Extracted records
^^^^^^^^^^^^^^^^

text \<open>Since \<open>\<theta>\<close> is merely measurable, \<open>E' = \<theta> E\<close> for \<open>E = integrating_factor \<theta>\<close> is not
  available from the chain rule. Instead, the defect of the integral equation for \<open>E\<close> is shown to
  have quadratic increments, which forces it to be constant.\<close>

lemma integrating_factor_increment:
  assumes ab: "0 \<le> a" "a \<le> b" "b \<le> T"
  shows "\<bar>integrating_factor \<theta> b - integrating_factor \<theta> a
           - integral {a..b} (\<lambda>s. \<theta> s * integrating_factor \<theta> s)\<bar>
         \<le> 2 * exp (L * T) * L\<^sup>2 * (b - a)\<^sup>2"
proof -
  define E where "E = integrating_factor \<theta>"
  define \<Theta> where "\<Theta> s = integral {0..s} \<theta>" for s
  define B where "B = exp (L * T)"
  have "0 \<le> L" using \<theta>_bound[of 0] ab by auto
  have linear_part: "\<bar>E b - E a - E a * (\<Theta> b - \<Theta> a)\<bar> \<le> B * (L * (b - a))\<^sup>2"
  proof -
    have "\<bar>E b - E a - E a * (\<Theta> b - \<Theta> a)\<bar> \<le> B * (\<Theta> b - \<Theta> a)\<^sup>2"
      using integrating_factor_le[of b] integrating_factor_le[of a] ab
      unfolding E_def B_def \<Theta>_def integrating_factor_def by (intro abs_exp_diff_linear_le) auto
    also have "\<dots> \<le> B * (L * (b - a))\<^sup>2"
      using abs_integral_coefficient_diff_le[OF ab] ab \<open>0 \<le> L\<close> unfolding \<Theta>_def
      by (intro mult_left_mono power2_le_iff_abs_le[THEN iffD2]) (auto simp: B_def)
    finally show ?thesis .
  qed
  have \<theta>E: "(\<lambda>s. \<theta> s * E s) integrable_on {a..b}"
    unfolding E_def using ab by (intro coefficient_times_integrating_factor_integrable_on) auto
  have \<theta>: "(\<lambda>s. \<theta> s * E a) integrable_on {a..b}"
    using ab by (intro integrable_on_mult_left coefficient_integrable_on) auto
  have remainder: "\<bar>integral {a..b} (\<lambda>s. \<theta> s * (E s - E a))\<bar> \<le> L * (B * (L * (b - a))) * (b - a)"
  proof (rule abs_integral_le_real)
    show "(\<lambda>s. \<theta> s * (E s - E a)) integrable_on {a..b}"
      using integrable_diff[OF \<theta>E \<theta>] by (simp add: algebra_simps)
    fix s assume s: "s \<in> {a..b}"
    have "\<bar>E s - E a\<bar> \<le> B * (L * (s - a))"
      using abs_integrating_factor_diff_le[of a s] s ab unfolding E_def B_def by auto
    also have "\<dots> \<le> B * (L * (b - a))"
      using s \<open>0 \<le> L\<close> by (intro mult_left_mono) (auto simp: B_def)
    finally have "\<bar>E s - E a\<bar> \<le> B * (L * (b - a))" .
    then show "\<bar>\<theta> s * (E s - E a)\<bar> \<le> L * (B * (L * (b - a)))"
      unfolding abs_mult using \<theta>_bound[of s] s ab by (intro mult_mono) auto
  qed (use ab in simp)
  have "integral {a..b} (\<lambda>s. \<theta> s * E s)
      = E a * (\<Theta> b - \<Theta> a) + integral {a..b} (\<lambda>s. \<theta> s * (E s - E a))"
  proof -
    have "integral {a..b} (\<lambda>s. \<theta> s * (E s - E a))
        = integral {a..b} (\<lambda>s. \<theta> s * E s) - integral {a..b} \<theta> * E a"
      using integral_diff[OF \<theta>E \<theta>] by (simp add: algebra_simps)
    moreover have "\<Theta> b - \<Theta> a = integral {a..b} \<theta>"
      unfolding \<Theta>_def using ab by (intro integral_initial_segment_diff coefficient_integrable_on) auto
    ultimately show ?thesis by simp
  qed
  then have "\<bar>E b - E a - integral {a..b} (\<lambda>s. \<theta> s * E s)\<bar>
      \<le> B * (L * (b - a))\<^sup>2 + L * (B * (L * (b - a))) * (b - a)"
    using linear_part remainder by linarith
  also have "\<dots> = 2 * B * L\<^sup>2 * (b - a)\<^sup>2"
    by (simp add: power2_eq_square algebra_simps)
  finally show ?thesis unfolding E_def B_def .
qed

lemma integrating_factor_integral_equation:
  assumes "t \<in> {0..T}"
  shows "integrating_factor \<theta> t = 1 + integral {0..t} (\<lambda>s. \<theta> s * integrating_factor \<theta> s)"
proof -
  define G where "G t = integrating_factor \<theta> t - integral {0..t} (\<lambda>s. \<theta> s * integrating_factor \<theta> s)" for t
  have "\<bar>G y - G x\<bar> \<le> 2 * exp (L * T) * L\<^sup>2 * (y - x)\<^sup>2" if "x \<in> {0..T}" "y \<in> {0..T}" for x y
  proof -
    have "\<bar>G b - G a\<bar> \<le> 2 * exp (L * T) * L\<^sup>2 * (b - a)\<^sup>2" if "0 \<le> a" "a \<le> b" "b \<le> T" for a b
      using integrating_factor_increment[OF that] that unfolding G_def
      by (subst (asm) integral_initial_segment_diff[symmetric, of _ 0])
         (auto intro: coefficient_times_integrating_factor_integrable_on simp: algebra_simps)
    from this[of x y] this[of y x] that show ?thesis
      by (cases "x \<le> y") (auto simp: abs_minus_commute power2_commute)
  qed
  then have "G t = G 0"
    using assms by (intro constant_if_quadratic_increments[where S = "{0..T}"]) auto
  then show ?thesis by (simp add: G_def integrating_factor_def)
qed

^^^^^^^^^^^^^^^^

- _What you should do_: Every line of the data should be copied exactly.

- _Written response_:
text \<open>Since \<open>\<theta>\<close> is merely measurable, \<open>E' = \<theta> E\<close> for \<open>E = integrating_factor \<theta>\<close> is not
  available from the chain rule. Instead, the defect of the integral equation for \<open>E\<close> is shown to
  have quadratic increments, which forces it to be constant.\<close>

lemma integrating_factor_increment:
  assumes ab: "0 \<le> a" "a \<le> b" "b \<le> T"
  shows "\<bar>integrating_factor \<theta> b - integrating_factor \<theta> a
           - integral {a..b} (\<lambda>s. \<theta> s * integrating_factor \<theta> s)\<bar>
         \<le> 2 * exp (L * T) * L\<^sup>2 * (b - a)\<^sup>2"
proof -
  define E where "E = integrating_factor \<theta>"
  define \<Theta> where "\<Theta> s = integral {0..s} \<theta>" for s
  define B where "B = exp (L * T)"
  have "0 \<le> L" using \<theta>_bound[of 0] ab by auto
  have linear_part: "\<bar>E b - E a - E a * (\<Theta> b - \<Theta> a)\<bar> \<le> B * (L * (b - a))\<^sup>2"
  proof -
    have "\<bar>E b - E a - E a * (\<Theta> b - \<Theta> a)\<bar> \<le> B * (\<Theta> b - \<Theta> a)\<^sup>2"
      using integrating_factor_le[of b] integrating_factor_le[of a] ab
      unfolding E_def B_def \<Theta>_def integrating_factor_def by (intro abs_exp_diff_linear_le) auto
    also have "\<dots> \<le> B * (L * (b - a))\<^sup>2"
      using abs_integral_coefficient_diff_le[OF ab] ab \<open>0 \<le> L\<close> unfolding \<Theta>_def
      by (intro mult_left_mono power2_le_iff_abs_le[THEN iffD2]) (auto simp: B_def)
    finally show ?thesis .
  qed
  have \<theta>E: "(\<lambda>s. \<theta> s * E s) integrable_on {a..b}"
    unfolding E_def using ab by (intro coefficient_times_integrating_factor_integrable_on) auto
  have \<theta>: "(\<lambda>s. \<theta> s * E a) integrable_on {a..b}"
    using ab by (intro integrable_on_mult_left coefficient_integrable_on) auto
  have remainder: "\<bar>integral {a..b} (\<lambda>s. \<theta> s * (E s - E a))\<bar> \<le> L * (B * (L * (b - a))) * (b - a)"
  proof (rule abs_integral_le_real)
    show "(\<lambda>s. \<theta> s * (E s - E a)) integrable_on {a..b}"
      using integrable_diff[OF \<theta>E \<theta>] by (simp add: algebra_simps)
    fix s assume s: "s \<in> {a..b}"
    have "\<bar>E s - E a\<bar> \<le> B * (L * (s - a))"
      using abs_integrating_factor_diff_le[of a s] s ab unfolding E_def B_def by auto
    also have "\<dots> \<le> B * (L * (b - a))"
      using s \<open>0 \<le> L\<close> by (intro mult_left_mono) (auto simp: B_def)
    finally have "\<bar>E s - E a\<bar> \<le> B * (L * (b - a))" .
    then show "\<bar>\<theta> s * (E s - E a)\<bar> \<le> L * (B * (L * (b - a)))"
      unfolding abs_mult using \<theta>_bound[of s] s ab by (intro mult_mono) auto
  qed (use ab in simp)
  have "integral {a..b} (\<lambda>s. \<theta> s * E s)
      = E a * (\<Theta> b - \<Theta> a) + integral {a..b} (\<lambda>s. \<theta> s * (E s - E a))"
  proof -
    have "integral {a..b} (\<lambda>s. \<theta> s * (E s - E a))
        = integral {a..b} (\<lambda>s. \<theta> s * E s) - integral {a..b} \<theta> * E a"
      using integral_diff[OF \<theta>E \<theta>] by (simp add: algebra_simps)
    moreover have "\<Theta> b - \<Theta> a = integral {a..b} \<theta>"
      unfolding \<Theta>_def using ab by (intro integral_initial_segment_diff coefficient_integrable_on) auto
    ultimately show ?thesis by simp
  qed
  then have "\<bar>E b - E a - integral {a..b} (\<lambda>s. \<theta> s * E s)\<bar>
      \<le> B * (L * (b - a))\<^sup>2 + L * (B * (L * (b - a))) * (b - a)"
    using linear_part remainder by linarith
  also have "\<dots> = 2 * B * L\<^sup>2 * (b - a)\<^sup>2"
    by (simp add: power2_eq_square algebra_simps)
  finally show ?thesis unfolding E_def B_def .
qed

lemma integrating_factor_integral_equation:
  assumes "t \<in> {0..T}"
  shows "integrating_factor \<theta> t = 1 + integral {0..t} (\<lambda>s. \<theta> s * integrating_factor \<theta> s)"
proof -
  define G where "G t = integrating_factor \<theta> t - integral {0..t} (\<lambda>s. \<theta> s * integrating_factor \<theta> s)" for t
  have "\<bar>G y - G x\<bar> \<le> 2 * exp (L * T) * L\<^sup>2 * (y - x)\<^sup>2" if "x \<in> {0..T}" "y \<in> {0..T}" for x y
  proof -
    have "\<bar>G b - G a\<bar> \<le> 2 * exp (L * T) * L\<^sup>2 * (b - a)\<^sup>2" if "0 \<le> a" "a \<le> b" "b \<le> T" for a b
      using integrating_factor_increment[OF that] that unfolding G_def
      by (subst (asm) integral_initial_segment_diff[symmetric, of _ 0])
         (auto intro: coefficient_times_integrating_factor_integrable_on simp: algebra_simps)
    from this[of x y] this[of y x] that show ?thesis
      by (cases "x \<le> y") (auto simp: abs_minus_commute power2_commute)
  qed
  then have "G t = G 0"
    using assms by (intro constant_if_quadratic_increments[where S = "{0..T}"]) auto
  then show ?thesis by (simp add: G_def integrating_factor_def)
qed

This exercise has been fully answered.